第一步：构建batch_size的方式的messages

for i in tqdm(range(0, len(texts),batch_size), desc="Translating"):
        batch = texts[i:i+batch_size]
        messages_list = [
            [{"role": "user", "content": prompt + text}] for text in batch
        ]

因为[{"role": "user", "content": prompt + text}]在单样本调用时就是列表的形式，所以在多样本中每个都要是列表的格式，即组织形式为二维列表。

写成如下形式会报错：

messages_list = [
            {"role": "user", "content": prompt + text} for text in batch
        ]

第二步：批量构建chat模板

text_batch = [tokenizer.apply_chat_template(
                messages,
                tokenize=False,
                add_generation_prompt=True,
                enable_thinking=False # Switches between thinking and non-thinking modes. Default is True.
            ) for messages in messages_list]

第三步：使用大模型生成token回答

由于batch_size中样本的长度不一，此处的tokenizer（）需要添加padding=True, truncation=True的参数对文本进行填充和裁剪操作。

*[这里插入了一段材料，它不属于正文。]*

(* In an MFQST with degree bound $\phi=3$, every source has degree at most $2$. Moreover, if a source has degree $2$, then it is collinear with its two neighbours.
   Context: Let $Z=\{z_1,\dots,z_n\}\subset\mathbb{R}^2$ ($n\ge 1$) be a set of sources and $z_{BS}\in\mathbb{R}^2\setminus Z$ a sink; each source has supply $1$. A flow-dependent quadratic Steiner tree (FQST) consists of a finite set $S\subset\mathbb{R}^2$ of Steiner points and a tree $T$ with vertex set $Z\cup S\cup\{z_{BS}\}$ whose edges are directed towards $z_{BS}$. Every node other than the sink has exactly one out-edge, and the sink has none. Each edge $e$ carries a positive flow $f(e)$ such that: - at each source, the flow on its out-edge minus the total flow on its in-edges equals $1$; - at each Steiner point, the out-flow equals the total in-flow; - the sink receives total flow $n$. The cost is $L(T)=\sum_{e\in E(T)} f(e)|e|^2$. An MFQST with degree bound $\phi$ is an FQST minimising $L$ among all FQSTs (any finite $S$, any topology) in which every Steiner point has degree at least $\phi$. *)

theory Defs
  imports "HOL-Analysis.Analysis"
begin

type_synonym pt = "real ^ 2"

text \<open>An FQST for sources Z and sink zBS is given by a finite set S of Steiner points
 (distinct from sources and sink), a parent map p (the unique out-edge of each non-sink
 node v is the edge (v, p v)), and the flow f v on the out-edge of v.\<close>

definition fqst_nodes :: "pt set \<Rightarrow> pt \<Rightarrow> pt set \<Rightarrow> pt set" where
  "fqst_nodes Z zBS S = Z \<union> S \<union> {zBS}"

definition children :: "pt set \<Rightarrow> pt set \<Rightarrow> (pt \<Rightarrow> pt) \<Rightarrow> pt \<Rightarrow> pt set" where
  "children Z S p v = {u \<in> Z \<union> S. p u = v}"

definition is_FQST ::
  "pt set \<Rightarrow> pt \<Rightarrow> pt set \<Rightarrow> (pt \<Rightarrow> pt) \<Rightarrow> (pt \<Rightarrow> real) \<Rightarrow> bool" where
  "is_FQST Z zBS S p f \<longleftrightarrow>
     finite S \<and> S \<inter> (Z \<union> {zBS}) = {} \<and>
     (\<forall>v \<in> Z \<union> S. p v \<in> fqst_nodes Z zBS S \<and> p v \<noteq> v) \<and>
     (\<forall>v \<in> Z \<union> S. \<exists>k. (p ^^ k) v = zBS) \<and>
     (\<forall>v \<in> Z \<union> S. f v > 0) \<and>
     (\<forall>z \<in> Z. f z - (\<Sum>u \<in> children Z S p z. f u) = 1) \<and>
     (\<forall>s \<in> S. f s = (\<Sum>u \<in> children Z S p s. f u)) \<and>
     (\<Sum>u \<in> children Z S p zBS. f u) = real (card Z)"

definition fqst_cost :: "pt set \<Rightarrow> pt set \<Rightarrow> (pt \<Rightarrow> pt) \<Rightarrow> (pt \<Rightarrow> real) \<Rightarrow> real" where
  "fqst_cost Z S p f = (\<Sum>v \<in> Z \<union> S. f v * (norm (v - p v))\<^sup>2)"

definition fqst_nbrs :: "pt set \<Rightarrow> pt \<Rightarrow> pt set \<Rightarrow> (pt \<Rightarrow> pt) \<Rightarrow> pt \<Rightarrow> pt set" where
  "fqst_nbrs Z zBS S p v = children Z S p v \<union> (if v = zBS then {} else {p v})"

definition fqst_deg :: "pt set \<Rightarrow> pt \<Rightarrow> pt set \<Rightarrow> (pt \<Rightarrow> pt) \<Rightarrow> pt \<Rightarrow> nat" where
  "fqst_deg Z zBS S p v = card (fqst_nbrs Z zBS S p v)"

definition is_MFQST ::
  "pt set \<Rightarrow> pt \<Rightarrow> nat \<Rightarrow> pt set \<Rightarrow> (pt \<Rightarrow> pt) \<Rightarrow> (pt \<Rightarrow> real) \<Rightarrow> bool" where
  "is_MFQST Z zBS \<phi> S p f \<longleftrightarrow>
     is_FQST Z zBS S p f \<and> (\<forall>s \<in> S. fqst_deg Z zBS S p s \<ge> \<phi>) \<and>
     (\<forall>S' p' f'. is_FQST Z zBS S' p' f' \<and> (\<forall>s \<in> S'. fqst_deg Z zBS S' p' s \<ge> \<phi>)
        \<longrightarrow> fqst_cost Z S p f \<le> fqst_cost Z S' p' f')"

end

theory Submission
  imports Defs
begin

text \<open>
  The proof is a first-variation argument.  Let q be the parent of z and U a nonempty
  set of children of z.  Re-attach U and z to a fresh Steiner point s = z - t g attached
  to q, where g = sum_{u in U} f(u) (z - u) + f(z) (z - q) is the resultant pull on z.
  The result is again an admissible tree (s has degree at least 3, old Steiner points
  keep their degree), and its cost differs from the old one by 2 t |g|^2 (f(z) t - 1),
  which is negative for small t > 0 unless g = 0.  Hence every such g vanishes
  (balance at the source).  Balance for {u1}, {u2} and {u1, u2} forces f(z)(z - q) = 0,
  so z has at most one child; balance for a single child u makes z, q, u collinear.
\<close>

lemma funpow_reaches_by_measure:
  fixes p :: "'a \<Rightarrow> 'a" and D :: "'a \<Rightarrow> nat"
  assumes step: "\<forall>v\<in>A. (p v \<in> A \<or> p v = r) \<and> (p v \<in> A \<longrightarrow> D (p v) < D v)"
  shows "v \<in> A \<Longrightarrow> \<exists>k. (p ^^ k) v = r"
proof (induction v rule: measure_induct_rule[where f = D])
  case (less v)
  show ?case
  proof (cases "p v = r")
    case True
    then have "(p ^^ 1) v = r" by simp
    then show ?thesis by blast
  next
    case False
    then have "p v \<in> A" "D (p v) < D v" using step less.prems by auto
    then obtain k where "(p ^^ k) (p v) = r" using less.IH by blast
    then have "(p ^^ Suc k) v = r" by (simp only: funpow_Suc_right o_apply)
    then show ?thesis by blast
  qed
qed

lemma least_hitting_time_parent:
  fixes p :: "'a \<Rightarrow> 'a"
  assumes "\<exists>k. (p ^^ k) v = r" and "v \<noteq> r"
  shows "(LEAST k. (p ^^ k) (p v) = r) < (LEAST k. (p ^^ k) v = r)"
proof -
  define m where "m = (LEAST k. (p ^^ k) v = r)"
  have "(p ^^ m) v = r" unfolding m_def using assms(1) by (rule LeastI_ex)
  moreover from this obtain m' where m': "m = Suc m'" using assms(2) by (cases m) auto
  ultimately have "(p ^^ m') (p v) = r" by (simp only: funpow_Suc_right o_apply)
  then have "(LEAST k. (p ^^ k) (p v) = r) \<le> m'" by (rule Least_le)
  then show ?thesis using m' m_def by simp
qed

lemma norm_shift_sq:
  fixes a z g :: "'a::real_inner" and t :: real
  shows "(norm (a - (z - t *\<^sub>R g)))\<^sup>2 = (norm (a - z))\<^sup>2 + 2 * t * inner (a - z) g + t\<^sup>2 * (norm g)\<^sup>2"
proof -
  have "a - (z - t *\<^sub>R g) = (a - z) + t *\<^sub>R g" by simp
  then have "(norm (a - (z - t *\<^sub>R g)))\<^sup>2 = inner ((a - z) + t *\<^sub>R g) ((a - z) + t *\<^sub>R g)"
    by (simp only: power2_norm_eq_inner)
  also have "\<dots> = inner (a - z) (a - z) + 2 * t * inner (a - z) g + t\<^sup>2 * inner g g"
    by (simp add: inner_add_left inner_add_right inner_commute[of g "a - z"] power2_eq_square ring_distribs)
  finally show ?thesis by (simp add: power2_norm_eq_inner)
qed

text \<open>First variation of the split: moving s from z by -t g, where g is the resultant
  weighted pull of U (weights w) and q (weight c) on z, changes the local cost by
  2 t |g|^2 (c t - 1).\<close>

lemma split_cost_variation:
  fixes z q :: "'a::real_inner" and U :: "'a set" and w :: "'a \<Rightarrow> real" and c t :: real
  defines "g \<equiv> (\<Sum>u\<in>U. w u *\<^sub>R (z - u)) + c *\<^sub>R (z - q)"
  defines "s \<equiv> z - t *\<^sub>R g"
  shows "c * (norm (s - q))\<^sup>2 + (\<Sum>v\<in>U. w v * ((norm (v - s))\<^sup>2 - (norm (v - z))\<^sup>2))
           + (c - sum w U) * (norm (z - s))\<^sup>2 - c * (norm (z - q))\<^sup>2
         = 2 * t * (norm g)\<^sup>2 * (c * t - 1)"
proof -
  define G where "G = (\<Sum>u\<in>U. w u *\<^sub>R (z - u))"
  have g_norm: "inner G g + c * inner (z - q) g = (norm g)\<^sup>2"
    unfolding g_def G_def power2_norm_eq_inner by (simp add: inner_add_left)
  have inner_U: "(\<Sum>v\<in>U. w v * inner (v - z) g) = - inner G g"
  proof -
    have "(\<Sum>v\<in>U. w v * inner (v - z) g) = inner (\<Sum>v\<in>U. w v *\<^sub>R (v - z)) g"
      by (simp add: inner_sum_left)
    also have "(\<Sum>v\<in>U. w v *\<^sub>R (v - z)) = - G"
      unfolding G_def by (simp add: sum_negf[symmetric] scaleR_diff_right)
    finally show ?thesis by simp
  qed
  have U_terms: "(\<Sum>v\<in>U. w v * ((norm (v - s))\<^sup>2 - (norm (v - z))\<^sup>2))
      = - 2 * t * inner G g + t\<^sup>2 * (norm g)\<^sup>2 * sum w U"
  proof -
    have "(\<Sum>v\<in>U. w v * ((norm (v - s))\<^sup>2 - (norm (v - z))\<^sup>2))
        = (\<Sum>v\<in>U. 2 * t * (w v * inner (v - z) g) + t\<^sup>2 * (norm g)\<^sup>2 * w v)"
      unfolding s_def norm_shift_sq by (simp add: algebra_simps)
    also have "\<dots> = 2 * t * (\<Sum>v\<in>U. w v * inner (v - z) g) + t\<^sup>2 * (norm g)\<^sup>2 * sum w U"
      by (simp add: sum.distrib sum_distrib_left)
    finally show ?thesis using inner_U by simp
  qed
  have zs: "(norm (z - s))\<^sup>2 = t\<^sup>2 * (norm g)\<^sup>2"
    unfolding s_def norm_shift_sq by simp
  have sq: "(norm (s - q))\<^sup>2 = (norm (z - q))\<^sup>2 - 2 * t * inner (z - q) g + t\<^sup>2 * (norm g)\<^sup>2"
    using norm_shift_sq[of q z t g]
    by (simp add: s_def norm_minus_commute inner_diff_left algebra_simps)
  have "c * (norm (s - q))\<^sup>2 + (\<Sum>v\<in>U. w v * ((norm (v - s))\<^sup>2 - (norm (v - z))\<^sup>2))
           + (c - sum w U) * (norm (z - s))\<^sup>2 - c * (norm (z - q))\<^sup>2
      = - 2 * t * (inner G g + c * inner (z - q) g) + 2 * c * t\<^sup>2 * (norm g)\<^sup>2"
    unfolding U_terms zs sq by (simp add: algebra_simps)
  also have "\<dots> = 2 * t * (norm g)\<^sup>2 * (c * t - 1)"
    unfolding g_norm by (simp add: algebra_simps power2_eq_square)
  finally show ?thesis .
qed

text \<open>A line meets a finite set in finitely many points, so a parameter in any open
  interval avoids it.\<close>

lemma exists_param_avoiding:
  fixes z g :: "'a::real_vector"
  assumes "finite B" and "g \<noteq> 0" and "a < b"
  shows "\<exists>t. a < t \<and> t < b \<and> z - t *\<^sub>R g \<notin> B"
proof -
  have "inj (\<lambda>t::real. z - t *\<^sub>R g)"
    using assms(2) by (auto intro: injI)
  then have "finite ((\<lambda>t. z - t *\<^sub>R g) -` B)" using assms(1) by (rule finite_vimageI[rotated])
  then have "infinite ({a<..<b} - (\<lambda>t. z - t *\<^sub>R g) -` B)"
    using assms(3) by (simp add: Diff_infinite_finite)
  then obtain t where "t \<in> {a<..<b} - (\<lambda>t. z - t *\<^sub>R g) -` B"
    using infinite_imp_nonempty by blast
  then show ?thesis by auto
qed

lemma collinear_of_balance:
  fixes z q u :: "'a::real_vector"
  assumes "c *\<^sub>R (z - u) + d *\<^sub>R (z - q) = 0" and "c \<noteq> 0"
  shows "collinear {z, q, u}"
proof -
  have "u = z + (d / c) *\<^sub>R (z - q)"
  proof -
    have "c *\<^sub>R (u - z) = d *\<^sub>R (z - q)"
      using assms(1) by (simp add: algebra_simps)
    then have "(1 / c) *\<^sub>R (c *\<^sub>R (u - z)) = (d / c) *\<^sub>R (z - q)" by simp
    then show ?thesis using assms(2) by (simp add: algebra_simps)
  qed
  then have "\<forall>x\<in>{z, q, u}. \<exists>a. x = z + a *\<^sub>R (z - q)"
    by (auto intro: exI[of _ 0] exI[of _ "-1"])
  then show ?thesis unfolding collinear_alt by blast
qed

lemma fqst_nbrs_non_sink:
  "w \<noteq> zBS \<Longrightarrow> fqst_nbrs Z zBS S p w = insert (p w) (children Z S p w)"
  unfolding fqst_nbrs_def by auto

model_inputs = tokenizer(text_batch, return_tensors="pt",
                                 padding=True, 
                                 truncation=True, 
                                 max_length=max_length).to(model.device)

        # conduct text completion
        generated_ids = model.generate(
            **model_inputs,
            max_new_tokens=32768
        )

第四步：批量从生成的结果中提取每个输入对应的输出

 # 对每条结果单独解析
        for input_ids, output_ids in zip(model_inputs.input_ids, generated_ids):
            # 截取新生成的部分
            new_tokens = output_ids[len(input_ids):].tolist()
            

            content = tokenizer.decode(new_tokens[index:], skip_special_tokens=True).strip("\n")

解析下这段代码“new_tokens = output_ids[len(input_ids):].tolist()”：由于输出的内容是“输入的prompt + 大模型的生成内容”，所以需要知道输入的最后索引值，在索引值后面的才是我们需要的生成结果。